Stored entries
-.-.-

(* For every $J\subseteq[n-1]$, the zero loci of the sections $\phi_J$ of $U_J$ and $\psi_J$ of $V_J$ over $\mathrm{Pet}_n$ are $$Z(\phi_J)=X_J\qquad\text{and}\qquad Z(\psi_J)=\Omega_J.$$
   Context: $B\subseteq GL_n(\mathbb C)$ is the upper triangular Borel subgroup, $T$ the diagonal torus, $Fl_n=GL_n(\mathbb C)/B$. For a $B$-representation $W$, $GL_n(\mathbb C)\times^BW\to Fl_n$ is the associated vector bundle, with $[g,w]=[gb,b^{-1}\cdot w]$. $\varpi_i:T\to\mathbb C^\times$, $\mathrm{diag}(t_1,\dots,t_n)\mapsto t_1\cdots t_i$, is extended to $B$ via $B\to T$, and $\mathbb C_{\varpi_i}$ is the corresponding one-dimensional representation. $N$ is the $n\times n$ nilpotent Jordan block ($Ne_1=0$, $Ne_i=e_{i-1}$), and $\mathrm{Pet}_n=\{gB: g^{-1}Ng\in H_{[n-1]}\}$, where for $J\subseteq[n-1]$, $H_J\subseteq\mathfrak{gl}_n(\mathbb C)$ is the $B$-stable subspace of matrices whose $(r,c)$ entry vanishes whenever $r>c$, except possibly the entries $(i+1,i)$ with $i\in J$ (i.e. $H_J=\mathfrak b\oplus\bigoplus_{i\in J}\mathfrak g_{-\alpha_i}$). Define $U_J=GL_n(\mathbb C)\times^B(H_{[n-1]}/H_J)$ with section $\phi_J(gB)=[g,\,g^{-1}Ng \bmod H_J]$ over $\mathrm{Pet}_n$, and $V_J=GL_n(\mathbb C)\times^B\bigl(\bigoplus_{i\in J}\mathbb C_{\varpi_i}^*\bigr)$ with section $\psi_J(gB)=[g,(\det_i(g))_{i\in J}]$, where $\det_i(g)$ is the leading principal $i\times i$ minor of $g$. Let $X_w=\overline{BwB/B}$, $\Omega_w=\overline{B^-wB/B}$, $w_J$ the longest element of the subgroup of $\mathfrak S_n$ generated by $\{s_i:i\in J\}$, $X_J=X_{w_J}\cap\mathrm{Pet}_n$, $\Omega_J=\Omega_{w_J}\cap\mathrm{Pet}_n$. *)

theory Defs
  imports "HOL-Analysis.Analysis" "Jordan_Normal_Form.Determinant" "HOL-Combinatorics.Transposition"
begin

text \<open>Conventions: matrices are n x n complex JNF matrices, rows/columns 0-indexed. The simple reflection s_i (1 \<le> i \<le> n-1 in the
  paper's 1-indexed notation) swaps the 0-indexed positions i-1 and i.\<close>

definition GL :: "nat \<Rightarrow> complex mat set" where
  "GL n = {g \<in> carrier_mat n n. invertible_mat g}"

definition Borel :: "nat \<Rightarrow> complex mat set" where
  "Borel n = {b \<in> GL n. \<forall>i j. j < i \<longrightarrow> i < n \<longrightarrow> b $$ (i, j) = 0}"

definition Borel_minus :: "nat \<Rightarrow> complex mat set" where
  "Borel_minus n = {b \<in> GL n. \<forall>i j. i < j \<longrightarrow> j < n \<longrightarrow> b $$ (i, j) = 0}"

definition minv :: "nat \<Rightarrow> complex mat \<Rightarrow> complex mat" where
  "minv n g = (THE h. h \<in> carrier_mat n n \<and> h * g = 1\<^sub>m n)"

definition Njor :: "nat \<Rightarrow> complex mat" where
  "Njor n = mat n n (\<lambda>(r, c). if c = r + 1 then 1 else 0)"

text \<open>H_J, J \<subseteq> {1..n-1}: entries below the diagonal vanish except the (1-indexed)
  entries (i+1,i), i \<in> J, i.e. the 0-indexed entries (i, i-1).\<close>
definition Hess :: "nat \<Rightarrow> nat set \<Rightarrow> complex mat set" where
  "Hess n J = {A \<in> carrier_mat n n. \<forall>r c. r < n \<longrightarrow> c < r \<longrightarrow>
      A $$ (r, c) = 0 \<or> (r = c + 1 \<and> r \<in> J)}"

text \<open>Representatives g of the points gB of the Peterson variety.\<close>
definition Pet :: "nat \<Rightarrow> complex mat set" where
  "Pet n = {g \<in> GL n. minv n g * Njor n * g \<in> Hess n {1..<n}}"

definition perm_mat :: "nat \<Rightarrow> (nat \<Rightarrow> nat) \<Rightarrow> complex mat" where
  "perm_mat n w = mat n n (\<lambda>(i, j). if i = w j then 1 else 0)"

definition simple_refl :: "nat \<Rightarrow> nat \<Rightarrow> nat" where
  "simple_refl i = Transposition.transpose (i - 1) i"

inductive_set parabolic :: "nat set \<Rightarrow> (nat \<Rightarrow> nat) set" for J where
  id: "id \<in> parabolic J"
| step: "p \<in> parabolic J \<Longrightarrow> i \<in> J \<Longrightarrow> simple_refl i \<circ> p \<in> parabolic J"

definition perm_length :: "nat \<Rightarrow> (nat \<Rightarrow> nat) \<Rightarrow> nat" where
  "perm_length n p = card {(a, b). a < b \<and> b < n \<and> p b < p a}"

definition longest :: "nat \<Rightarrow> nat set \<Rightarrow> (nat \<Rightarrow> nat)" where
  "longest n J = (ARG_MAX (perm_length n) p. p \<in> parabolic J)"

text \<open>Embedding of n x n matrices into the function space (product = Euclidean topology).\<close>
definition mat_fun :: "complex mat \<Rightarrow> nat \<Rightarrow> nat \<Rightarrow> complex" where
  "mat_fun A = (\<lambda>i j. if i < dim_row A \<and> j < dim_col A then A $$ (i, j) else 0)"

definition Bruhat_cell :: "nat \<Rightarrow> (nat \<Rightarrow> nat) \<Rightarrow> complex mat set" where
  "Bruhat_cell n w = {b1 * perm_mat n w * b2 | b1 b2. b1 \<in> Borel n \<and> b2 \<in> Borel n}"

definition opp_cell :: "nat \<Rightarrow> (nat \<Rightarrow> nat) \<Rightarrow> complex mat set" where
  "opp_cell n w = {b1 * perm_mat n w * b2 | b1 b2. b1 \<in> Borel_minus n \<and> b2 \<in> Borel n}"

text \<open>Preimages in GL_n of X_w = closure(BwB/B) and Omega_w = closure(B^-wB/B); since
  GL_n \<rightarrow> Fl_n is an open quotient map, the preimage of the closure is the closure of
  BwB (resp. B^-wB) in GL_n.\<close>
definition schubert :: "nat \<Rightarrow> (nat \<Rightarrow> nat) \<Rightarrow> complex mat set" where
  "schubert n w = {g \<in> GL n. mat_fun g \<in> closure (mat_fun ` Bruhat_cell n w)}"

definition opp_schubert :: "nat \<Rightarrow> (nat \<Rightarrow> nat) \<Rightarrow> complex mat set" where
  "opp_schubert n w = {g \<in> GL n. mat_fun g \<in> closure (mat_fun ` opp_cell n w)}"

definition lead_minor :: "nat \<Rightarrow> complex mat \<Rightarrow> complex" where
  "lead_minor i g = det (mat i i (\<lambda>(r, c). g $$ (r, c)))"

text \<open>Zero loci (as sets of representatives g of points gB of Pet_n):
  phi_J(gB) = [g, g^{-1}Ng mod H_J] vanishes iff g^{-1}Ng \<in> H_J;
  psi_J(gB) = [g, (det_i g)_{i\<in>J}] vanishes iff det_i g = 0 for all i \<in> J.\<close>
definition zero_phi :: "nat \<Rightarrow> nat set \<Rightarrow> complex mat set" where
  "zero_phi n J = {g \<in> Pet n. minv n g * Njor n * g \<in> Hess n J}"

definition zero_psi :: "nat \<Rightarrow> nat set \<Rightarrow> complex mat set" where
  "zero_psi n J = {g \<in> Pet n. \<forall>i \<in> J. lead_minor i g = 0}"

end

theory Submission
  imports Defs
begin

-.-.-

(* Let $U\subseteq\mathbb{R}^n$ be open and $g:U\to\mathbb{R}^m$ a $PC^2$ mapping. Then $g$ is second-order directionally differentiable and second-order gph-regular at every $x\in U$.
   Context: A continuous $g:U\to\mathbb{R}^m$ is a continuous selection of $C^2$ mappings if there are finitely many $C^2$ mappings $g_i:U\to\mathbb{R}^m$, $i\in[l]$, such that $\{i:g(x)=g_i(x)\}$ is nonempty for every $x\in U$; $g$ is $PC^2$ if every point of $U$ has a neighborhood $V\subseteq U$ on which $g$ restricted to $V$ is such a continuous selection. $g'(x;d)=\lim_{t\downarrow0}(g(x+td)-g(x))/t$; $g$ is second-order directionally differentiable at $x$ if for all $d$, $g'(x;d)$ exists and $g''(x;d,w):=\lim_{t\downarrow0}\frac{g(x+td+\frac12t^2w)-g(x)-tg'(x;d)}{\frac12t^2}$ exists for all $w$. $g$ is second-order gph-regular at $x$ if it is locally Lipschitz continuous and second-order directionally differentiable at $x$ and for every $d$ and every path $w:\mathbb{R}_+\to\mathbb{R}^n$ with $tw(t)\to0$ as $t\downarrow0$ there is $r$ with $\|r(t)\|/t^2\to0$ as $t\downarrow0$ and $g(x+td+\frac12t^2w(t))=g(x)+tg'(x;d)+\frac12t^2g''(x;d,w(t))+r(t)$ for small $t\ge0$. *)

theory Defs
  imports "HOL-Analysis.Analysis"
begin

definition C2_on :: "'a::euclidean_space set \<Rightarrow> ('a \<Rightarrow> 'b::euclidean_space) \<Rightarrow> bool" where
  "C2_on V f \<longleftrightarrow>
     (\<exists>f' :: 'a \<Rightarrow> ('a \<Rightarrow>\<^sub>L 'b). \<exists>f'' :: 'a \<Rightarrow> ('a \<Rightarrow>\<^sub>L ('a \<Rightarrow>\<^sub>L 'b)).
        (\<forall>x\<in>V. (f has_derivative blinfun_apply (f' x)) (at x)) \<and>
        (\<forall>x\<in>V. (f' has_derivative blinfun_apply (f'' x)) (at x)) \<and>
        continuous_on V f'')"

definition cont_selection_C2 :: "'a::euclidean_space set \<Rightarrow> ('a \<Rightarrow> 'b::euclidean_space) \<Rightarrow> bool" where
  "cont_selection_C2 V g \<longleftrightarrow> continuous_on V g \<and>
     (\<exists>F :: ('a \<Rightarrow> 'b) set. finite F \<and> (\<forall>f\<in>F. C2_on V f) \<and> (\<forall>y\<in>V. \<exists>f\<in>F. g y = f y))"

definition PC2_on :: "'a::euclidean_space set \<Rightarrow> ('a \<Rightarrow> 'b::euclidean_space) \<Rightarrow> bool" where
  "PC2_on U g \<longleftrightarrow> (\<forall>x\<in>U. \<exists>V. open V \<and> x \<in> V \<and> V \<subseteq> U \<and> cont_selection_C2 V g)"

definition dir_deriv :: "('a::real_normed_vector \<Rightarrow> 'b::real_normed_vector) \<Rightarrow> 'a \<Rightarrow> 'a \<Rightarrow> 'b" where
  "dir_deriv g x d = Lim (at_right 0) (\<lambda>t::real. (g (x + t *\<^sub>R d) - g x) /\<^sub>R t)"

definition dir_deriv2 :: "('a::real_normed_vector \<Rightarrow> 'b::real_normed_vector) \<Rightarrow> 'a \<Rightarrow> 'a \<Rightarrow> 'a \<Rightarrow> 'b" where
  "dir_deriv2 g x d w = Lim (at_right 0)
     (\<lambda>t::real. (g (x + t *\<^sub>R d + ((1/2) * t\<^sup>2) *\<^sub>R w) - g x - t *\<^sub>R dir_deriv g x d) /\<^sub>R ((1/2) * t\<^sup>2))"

-.-.-

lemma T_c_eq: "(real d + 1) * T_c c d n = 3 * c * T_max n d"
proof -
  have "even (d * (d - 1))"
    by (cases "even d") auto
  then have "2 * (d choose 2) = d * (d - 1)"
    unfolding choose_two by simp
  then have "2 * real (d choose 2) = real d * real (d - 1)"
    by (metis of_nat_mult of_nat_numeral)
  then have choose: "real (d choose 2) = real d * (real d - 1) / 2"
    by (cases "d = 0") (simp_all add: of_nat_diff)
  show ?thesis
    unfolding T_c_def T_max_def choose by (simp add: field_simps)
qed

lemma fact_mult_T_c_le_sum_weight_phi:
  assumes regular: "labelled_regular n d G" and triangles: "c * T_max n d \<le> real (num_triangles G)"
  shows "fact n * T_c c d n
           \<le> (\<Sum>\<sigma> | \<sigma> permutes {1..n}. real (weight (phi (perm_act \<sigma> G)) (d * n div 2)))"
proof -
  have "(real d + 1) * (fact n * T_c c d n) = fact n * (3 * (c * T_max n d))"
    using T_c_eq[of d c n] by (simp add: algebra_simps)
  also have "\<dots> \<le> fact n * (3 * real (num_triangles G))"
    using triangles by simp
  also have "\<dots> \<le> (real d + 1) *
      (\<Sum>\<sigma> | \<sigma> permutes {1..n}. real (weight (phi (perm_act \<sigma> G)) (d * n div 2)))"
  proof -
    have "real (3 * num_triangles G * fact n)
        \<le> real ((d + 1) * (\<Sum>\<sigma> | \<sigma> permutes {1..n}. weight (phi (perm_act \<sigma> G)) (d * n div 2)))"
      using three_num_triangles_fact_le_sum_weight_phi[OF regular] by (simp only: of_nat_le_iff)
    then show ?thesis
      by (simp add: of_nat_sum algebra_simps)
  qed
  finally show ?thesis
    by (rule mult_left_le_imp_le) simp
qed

-.-.-

What the task asks
Say the number of lines in the records above that include the string "Njor", and no more.

Solution below
4